Here is the example. The model consists of the commons Fisher equation, \[ i_{t} = r+E_{t}\pi_{t+1} \] too a Taylor-type involvement charge per unit of measurement dominion \[ i_{t} = r + \phi \pi_{t}+v_{t} \]
\[ v_{t} =\rho v_{t-1}+\varepsilon_{t}^{i} \]
Now nosotros add together the authorities debt valuation equation \[ \frac{B_{t-1}}{P_{t-1}}\left( E_{t}-E_{t-1}\right) \left( \frac{P_{t-1}% }{P_{t}}\right) =\left( E_{t}-E_{t-1}\right) \sum_{j=0}^{\infty}\frac {1}{R^{j}}s_{t+j} \]
Linearizing \begin{equation} \pi_{t+1}-E_{t}\pi_{t+1}=-\left( E_{t}-E_{t+1}\right) \sum_{j=0}^{\infty }\frac{1}{R^{j}}\frac{s_{t+j}}{b_{t}}=-\varepsilon_{t+1}^{s} \label{unexpi} \end{equation} amongst \(b=B/P\). Eliminating the involvement charge per unit of measurement \(i_{t}\), the equilibrium of this model is at nowadays \begin{equation} E_{t}\pi_{t+1} =\phi\pi_{t}+v_{t} \label{epi} \end{equation}
\[ \pi_{t+1}-E_{t}\pi_{t+1} =-\varepsilon_{t+1}^{s} \]
or, most simply, just \begin{equation} \pi_{t+1}=\phi\pi_{t}+v_{t}-\varepsilon_{t+1}^{s}. \label{equil_ftmp} \end{equation}

Here is a plot of the impulse response function:


The top lines plot the response of inflation too involvement rates to a unit of measurement monetary policy daze \(\varepsilon _{1}^{i}\) inwards this model. The draw of piece of work "\(v_{t}\), FTMP" plots the associated monetary policy disturbance \(v_{t}\). The combination of ii AR(1)s -- the daze persistence \(\rho\) too the involvement charge per unit of measurement dominion \(\phi\) -- generates a pretty hump-shaped inflation response. I usage \(\rho=0.7\), \(\phi=0.8\).

The lower ii lines plot the response to a unit of measurement financial daze \(\varepsilon_{1}^{s}\). By definition, this disturbance is non persistent. The financial tightening produces an instant deflation, i.e. a downward cost degree jump.

In both cases, the monetary policy \(\phi\) dominion introduces interesting dynamics. Fiscal policy lonely sets unexpected inflation \(\pi_{t+1}-E_{t}\pi_{t+1}\). But what happens later that, \(\left( E_{t+1}-E_{t}\right) \pi_{t+2}\) too beyond, depends on monetary policy. With a dissimilar \( \phi \), monetary policy could provide the cost degree to its previous value. Monetary policy could plough the lawsuit into a one-time cost degree shock, amongst no farther inflation. Or monetary policy could allow the inflation move on for a while, every bit it does hither amongst \(\phi>0\).
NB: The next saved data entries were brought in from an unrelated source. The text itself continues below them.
lemma tuple_avoid_prob_two:
  assumes "q \<le> d ^ k" "2 \<le> d ^ k"
  shows "tuple_avoid_prob d k q 2
       = (real d ^ k - real q) * (real d ^ k - real q - 1) / (real d ^ k * (real d ^ k - 1))"
proof -
  define N where "N = d ^ k"
  have N: "q \<le> N" "2 \<le> N" "real d ^ k = real N" using assms by (simp_all add: N_def)
  have "real (N - q) * real (N - 1 - q) = (real N - real q) * (real N - real q - 1)"
    using N by (cases "q = N") (auto simp: of_nat_diff)
  then have "real N * (real N - 1) * real ((N - 2) choose q)
      = (real N - real q) * (real N - real q - 1) * real (N choose q)"
    using real_choose_diff_two[of N q] N by (simp add: of_nat_diff)
  moreover have "real N * (real N - 1) > 0" using N by (intro mult_pos_pos) linarith+
  moreover have "real (N choose q) > 0" using N by simp
  ultimately show ?thesis
    using N(2) unfolding tuple_avoid_prob_def N(3) N_def[symmetric]
    by (subst frac_eq_eq) (auto simp: algebra_simps)
qed

(* The exact base is rb_base at c = binom(S,k)/binom(n,k), the paper's f(s) is rb_base at c = s^k. *)
definition rb_base :: "real \<Rightarrow> nat \<Rightarrow> nat \<Rightarrow> real \<Rightarrow> real" where
  "rb_base p d k c = 1 + p / (1 - p) * ((c - (1 / real d) ^ k) / (1 - (1 / real d) ^ k))"

lemma rb_f_eq_rb_base: "rb_f p d k s = rb_base p d k (s ^ k)"
  by (simp add: rb_f_def rb_base_def)

lemma rb_pair_prob_div_square:
  assumes "k \<le> n" "2 \<le> d ^ k" "q < d ^ k"
  shows "rb_pair_prob n d k q s / tuple_avoid_prob d k q 1 ^ 2
       = rb_base (real q / real d ^ k) d k (real (s choose k) / real (n choose k))"
proof -
  define N where "N = real d ^ k"
  define c where "c = real (s choose k) / real (n choose k)"
  have N: "2 \<le> N" "real q < N"
    using assms(2,3) unfolding N_def by (metis of_nat_le_iff of_nat_numeral of_nat_power, metis of_nat_less_iff of_nat_power)
  have "0 < d" using assms(2) by (cases "d = 0") (auto simp: power_0_left split: if_splits)
  then have a1: "tuple_avoid_prob d k q 1 = (N - q) / N"
    using tuple_avoid_prob_one[of q d k] assms(3) by (simp add: N_def)
  have a2: "tuple_avoid_prob d k q 2 = (N - q) * (N - q - 1) / (N * (N - 1))"
    using tuple_avoid_prob_two[of q d k] assms(2,3) by (simp add: N_def)
  have "real (n choose k) > 0" using assms(1) by simp
  then have "rb_pair_prob n d k q s = c * tuple_avoid_prob d k q 1 + (1 - c) * tuple_avoid_prob d k q 2"
    unfolding rb_pair_prob_def c_def by (simp add: field_simps)
  then have pair: "rb_pair_prob n d k q s
      = c * ((N - q) / N) + (1 - c) * ((N - q) * (N - q - 1) / (N * (N - 1)))"
    unfolding a1 a2 .
  have "(c * ((N - q) / N) + (1 - c) * ((N - q) * (N - q - 1) / (N * (N - 1)))) / ((N - q) / N) ^ 2
      = (c * N * (N - 1) + (1 - c) * N * (N - q - 1)) / ((N - 1) * (N - q))"
    using N by (simp add: divide_simps power2_eq_square) (simp add: algebra_simps)
  also have "\<dots> = ((N - 1) * (N - q) + q * (c * N - 1)) / ((N - 1) * (N - q))"
    by (simp add: algebra_simps)
  also have "\<dots> = 1 + (q / N) / (1 - q / N) * ((c - 1 / N) / (1 - 1 / N))"
    using N by (simp add: divide_simps)
  finally show ?thesis
    unfolding pair a1 rb_base_def by (simp add: N_def c_def power_one_over)
qed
These responses are non gear upward to evaluate against data. This model is Fisherian -- higher involvement rates via a monetary policy daze attain higher inflation, every bit they must amongst a Fisher equation \( i_t = r + E_t \pi_{t+1}\) too constant \(r\). The lack of a financial alter agency that \(\pi_{1}\) cannot bound down. We ask to add together long term debt too gummy prices, amid other ingredients, to attain to a greater extent than realistic response. The of import lesson hither is that nosotros can produce impulse response functions of this sort, just every bit nosotros do amongst criterion models of involvement charge per unit of measurement targets.

The NK model

The simplest shape of the criterion new-Keynesian model, every bit laid forth for instance inwards Woodford's book, Chapter 2, consists of exactly the same laid of equations!

However, new-Keynesian modelers specify that (\ref{unexpi}) determines surpluses \(\left\{ s_{t}\right\} \) for whatsoever unexpected inflation, the "passive" financial policy assumption. (Woodford, top of p. 73 for example.) Then, that equation drops out too no longer determines unexpected inflation. To create upward one's heed unexpected inflation inwards its place, new-Keynesian modelers specify \(\phi>1\), too they add together a dominion against nominal explosions. New-Keynsian authors hence solve (\ref{epi}) forwards to \begin{equation} \pi_{t}=-E_{t}\sum_{j=0}^{\infty}\frac{v_{t+j}}{\phi_{nk}^{j+1}}=-\sum _{j=0}^{\infty}\frac{\rho_{nk}^{j}}{\phi_{nk}^{j+1}}v_{t}=-\frac{1}{\phi _{nk}-\rho_{nk}}v_{t}. \label{nk_sol} \end{equation}
I usage the subscript \(nk\) hither to distinguish parameter values of the ii models.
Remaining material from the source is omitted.